Install middle tiers on the production site.
Install middle tiers on the standby site.
The installation steps are similar to that for OracleAS Cold Failover Cluster. See Section 8.3, "Installing an OracleAS Cold Failover Cluster (Infrastructure) Configuration" for the screen sequence. Note the following points:
You can install any type of middle tier that is compatible with Oracle Application Server 10g (10.1.4.0.1). See the Oracle Application Server Upgrade and Compatibility Guide for more information.
To install a middle tier, see the Oracle Application Server Installation Guide for the release.
Note the following points:
When the installer prompts you to register with Oracle Internet Directory, and asks you for the Oracle Internet Directory hostname, enter the alias of the node running OracleAS Infrastructure (for example, asinfra.oracle.com).

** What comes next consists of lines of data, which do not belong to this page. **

(* Consider the one-dimensional Approximate Hierarchical Heavy Hitters problem over a rooted tree $T$ all of whose leaves have depth $h$, so the lattice has $H=h+1$ nodes (depths $0,\dots,h$). Let $\phi\in(0,1]$ and let $\epsilon>0$ be such that $1/\epsilon$ is a positive integer. Run the one-dimensional algorithm described in the context (one Space Saving instance with $1/\epsilon$ counters per depth, followed by the one-dimensional output procedure with threshold $\phi$). Then the algorithm stores $H\cdot(1/\epsilon)$ counters, i.e. uses $O(H/\epsilon)$ space, and its output set $P$ together with the reported values $f_{\min}(p),f_{\max}(p)$ for $p\in P$ satisfies the Accuracy and Coverage requirements: (Accuracy) for all $p\in P$, $f_{\min}(p)\le f(p)\le f_{\max}(p)$ and $f_{\max}(p)-f_{\min}(p)\le\epsilon N$; (Coverage) for every prefix $p\notin P$, $F_p<\phi N$, where $F_p$ is the conditioned count of $p$ with respect to $P$.
   Context: Hierarchy: a rooted tree $T$ in which every leaf has depth $h$; nodes are prefixes, leaves are fully specified elements. For prefixes $e,p$, $e\preceq p$ means $p$ is an ancestor of $e$ or equal to $e$; $e\prec p$ means $e\preceq p$, $e\ne p$. The lattice node (label) of a prefix is its depth. Each non-root prefix $p$ has a parent $\mathrm{par}(p)$. Stream: a sequence of updates $(e,c)$ with $e$ fully specified and $c$ a positive integer. $f(e)$ is the sum of the $c$'s of updates with element $e$; $N=\sum_e f(e)$. The unconditioned count of a prefix $p$ is $f(p)=\sum_{e \text{ fully specified},\,e\preceq p} f(e)$. For a set $P$ of prefixes and a prefix $p$, with $P_p=\{q\in P:q\prec p\}$, the conditioned count is $F_p=\sum f(e)$ over fully specified $e$ with $e\preceq p$ and $e\not\preceq q$ for all $q\in P_p$. Space Saving with $m$ counters: maintains a set $T'$ of at most $m$ items, each with a counter $c(i)$ and an error value $\mathrm{err}(i)$. On input $(i,c)$: if $i\in T'$, set $c(i)\mathrel{+}=c$; else if $|T'|<m$, add $i$ with $c(i)=c$, $\mathrm{err}(i)=0$; else remove an item $j$ with the smallest counter and add $i$ with $c(i)=c(j)+c$, $\mathrm{err}(i)=c(j)$. Estimates for item $i$: if $i\in T'$, $f_{\max}(i)=c(i)$ and $f_{\min}(i)=c(i)-\mathrm{err}(i)$; otherwise $f_{\min}(i)=0$ and $f_{\max}(i)$ equals the smallest counter if $|T'|=m$, and $0$ otherwise. Algorithm: keep one Space Saving instance with $1/\epsilon$ counters for each depth $0,\dots,h$. On update $(e,c)$, for every prefix $p$ with $e\preceq p$, feed $(p,c)$ to the instance for the depth of $p$. For a prefix $p$, $f_{\min}(p),f_{\max}(p)$ denote the estimates of the instance for $p$'s depth. Output procedure with threshold $\phi$: set $s_e=0$ for all prefixes; process all prefixes in postorder (each prefix after all its descendants); for prefix $e$: if $f_{\max}(e)-s_e\ge\phi N$, output $e$ (put it in $P$) together with $f_{\min}(e),f_{\max}(e)$, and (if $e$ is not the root) add $f_{\min}(e)$ to $s_{\mathrm{par}(e)}$; otherwise (if $e$ is not the root) add $s_e$ to $s_{\mathrm{par}(e)}$. *)

theory Defs
  imports Complex_Main "HOL-Library.Sublist"
begin

text \<open>A prefix (tree node) is represented by the path from the root, i.e. a list of
child labels; the root is the empty list, the parent of a non-root node p is butlast p,
the depth of p is length p.  For prefixes e, p: e \<preceq> p (p is an ancestor of e or
equal to e) is  prefix p e ; e \<prec> p is  strict_prefix p e.\<close>

definition hierarchy :: "'a list set \<Rightarrow> nat \<Rightarrow> bool" where
  "hierarchy T h \<longleftrightarrow> finite T \<and> [] \<in> T
     \<and> (\<forall>p\<in>T. \<forall>q. prefix q p \<longrightarrow> q \<in> T)
     \<and> (\<forall>p\<in>T. (\<not> (\<exists>q\<in>T. strict_prefix p q)) \<longrightarrow> length p = h)"

definition fully_specified :: "'a list set \<Rightarrow> 'a list \<Rightarrow> bool" where
  "fully_specified T e \<longleftrightarrow> e \<in> T \<and> \<not> (\<exists>q\<in>T. strict_prefix e q)"

type_synonym 'a stream = "('a list \<times> nat) list"

definition valid_stream :: "'a list set \<Rightarrow> 'a stream \<Rightarrow> bool" where
  "valid_stream T xs \<longleftrightarrow> (\<forall>(e,c)\<in>set xs. fully_specified T e \<and> c > 0)"

definition total :: "'a stream \<Rightarrow> nat" where
  "total xs = sum_list (map snd xs)"

definition ucount :: "'a stream \<Rightarrow> 'a list \<Rightarrow> nat" where
  "ucount xs p = sum_list (map snd (filter (\<lambda>(e,c). prefix p e) xs))"

definition ccount :: "'a stream \<Rightarrow> 'a list set \<Rightarrow> 'a list \<Rightarrow> nat" where
  "ccount xs P p = sum_list (map snd (filter (\<lambda>(e,c). prefix p e \<and>
      \<not> (\<exists>q\<in>P. strict_prefix p q \<and> prefix q e)) xs))"

text \<open>State: partial map from monitored items to (counter, error).\<close>
type_synonym 'b ss_state = "'b \<Rightarrow> (nat \<times> nat) option"

inductive ss_step :: "nat \<Rightarrow> 'b ss_state \<Rightarrow> 'b \<times> nat \<Rightarrow> 'b ss_state \<Rightarrow> bool" for m where
  present: "S i = Some (x, er) \<Longrightarrow> ss_step m S (i, c) (S(i \<mapsto> (x + c, er)))"
| add: "S i = None \<Longrightarrow> card (dom S) < m \<Longrightarrow> ss_step m S (i, c) (S(i \<mapsto> (c, 0)))"
| replace: "S i = None \<Longrightarrow> \<not> card (dom S) < m \<Longrightarrow> S j = Some (cj, ej) \<Longrightarrow>
     (\<forall>k x y. S k = Some (x, y) \<longrightarrow> cj \<le> x) \<Longrightarrow>
     ss_step m S (i, c) ((S(j := None))(i \<mapsto> (cj + c, cj)))"

inductive ss_run :: "nat \<Rightarrow> 'b ss_state \<Rightarrow> ('b \<times> nat) list \<Rightarrow> 'b ss_state \<Rightarrow> bool" for m where
  Nil: "ss_run m S [] S"
| Cons: "ss_step m S x S1 \<Longrightarrow> ss_run m S1 xs S2 \<Longrightarrow> ss_run m S (x # xs) S2"

definition ss_fmin :: "'b ss_state \<Rightarrow> 'b \<Rightarrow> nat" where
  "ss_fmin S i = (case S i of Some (c, er) \<Rightarrow> c - er | None \<Rightarrow> 0)"

definition ss_fmax :: "nat \<Rightarrow> 'b ss_state \<Rightarrow> 'b \<Rightarrow> nat" where
  "ss_fmax m S i = (case S i of Some (c, er) \<Rightarrow> c
     | None \<Rightarrow> (if card (dom S) = m then Min {c. \<exists>k er. S k = Some (c, er)} else 0))"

OracleAS 10g (10.1.2.0.2) standalone install of OracleAS Guard is located on Companion CD Disk 2. This standalone install of OracleAS Guard can be installed in the following environments:
In its own home in the case when you are cloning an instance or topology to a new standby system (see the section on standby site cloning in Oracle Application Server High Availability Guide for more information).
Oracle database server home for an OracleAS Metadata Repository configuration created using OracleAS Metadata Repository Creation Assistant.
OracleAS Disaster Recovery full site upgrade from OracleAS 10g (9.0.4) to OracleAS 10g (10.1.2.0.2) (see the chapter on OracleAS Disaster Recovery site upgrade procedure in Oracle Application Server High Availability Guide for more information).
OracleAS Guard patch upgrade from OracleAS 10g (10.1.2.0.0) to OracleAS 10g (10.1.2.0.2) (see Section 10.5, "Patching OracleAS Guard Release 10.1.2.0.0 with Release 10.1.2.0.2" for more information).
If this is an upgrade installation of OracleAS Guard, make a copy of your dsa.conf
configuration file to save your current settings for your OracleAS Guard environment. After running the OracleAS 10g (10.1.2.0.2) standalone install kit of OracleAS Guard, you can restore your saved dsa.conf
configuration file with your settings to continue using the same settings for the upgraded OracleAS Guard environment.
To run the OracleAS 10g (10.1.2.0.2) standalone install kit of OracleAS Guard, run the kit in the following directory path:
On UNIX systems:
/Disk2/asg/install/runInstaller
Choose the type of install that you want. Choose Typical for most installations. Choose Custom or Reinstall for upgrading from an older release of OracleAS Guard to the current release.
Enter the ias_admin
account password to continue the installation.
If you already have an OracleAS Disaster Recovery environment set up using OracleAS Guard Release 10.1.2.0.0, you can patch OracleAS Guard in your environment to take advantage of new features and support for the topologies described in Section 10.1, "OracleAS Disaster Recovery: Introduction". To patch your OracleAS Disaster Recovery environment, follow these basic steps:
Install the OracleAS 10g (10.1.2.0.2) standalone install of OracleAS Guard into each Oracle home on the production and standby sites.
If multiple Oracle homes exist on the same system, ensure that different ports are configured for each of the OracleAS Guard servers in this configuration file.
Because this is an upgrade installation of OracleAS Guard, make a copy of your dsa.conf
configuration file to save your current settings for your OracleAS Guard environment. After running the OracleAS 10g (10.1.2.0.2) standalone install kit of OracleAS Guard, you can restore your saved dsa.conf
configuration file with your settings to continue using the same settings for the upgraded OracleAS Guard environment.
On UNIX systems:
<ORACLE_HOME>/dsa/dsa.conf
Start the OracleAS Guard server in all OracleAS 10.1.2.0.0 Oracle homes on both production and standby sites using the following opmnctl command:
On UNIX systems:
<ORACLE_HOME>/opmn/bin/opmnctl startall <ORACLE_HOME>/opmn/bin/opmnctl startproc ias-component=DSA
For information on how to manage your OracleAS Disaster Recovery environment, such as setting up Oracle Data Guard and configuring the OracleAS Metadata Repository database, see the Oracle Application Server High Availability Guide.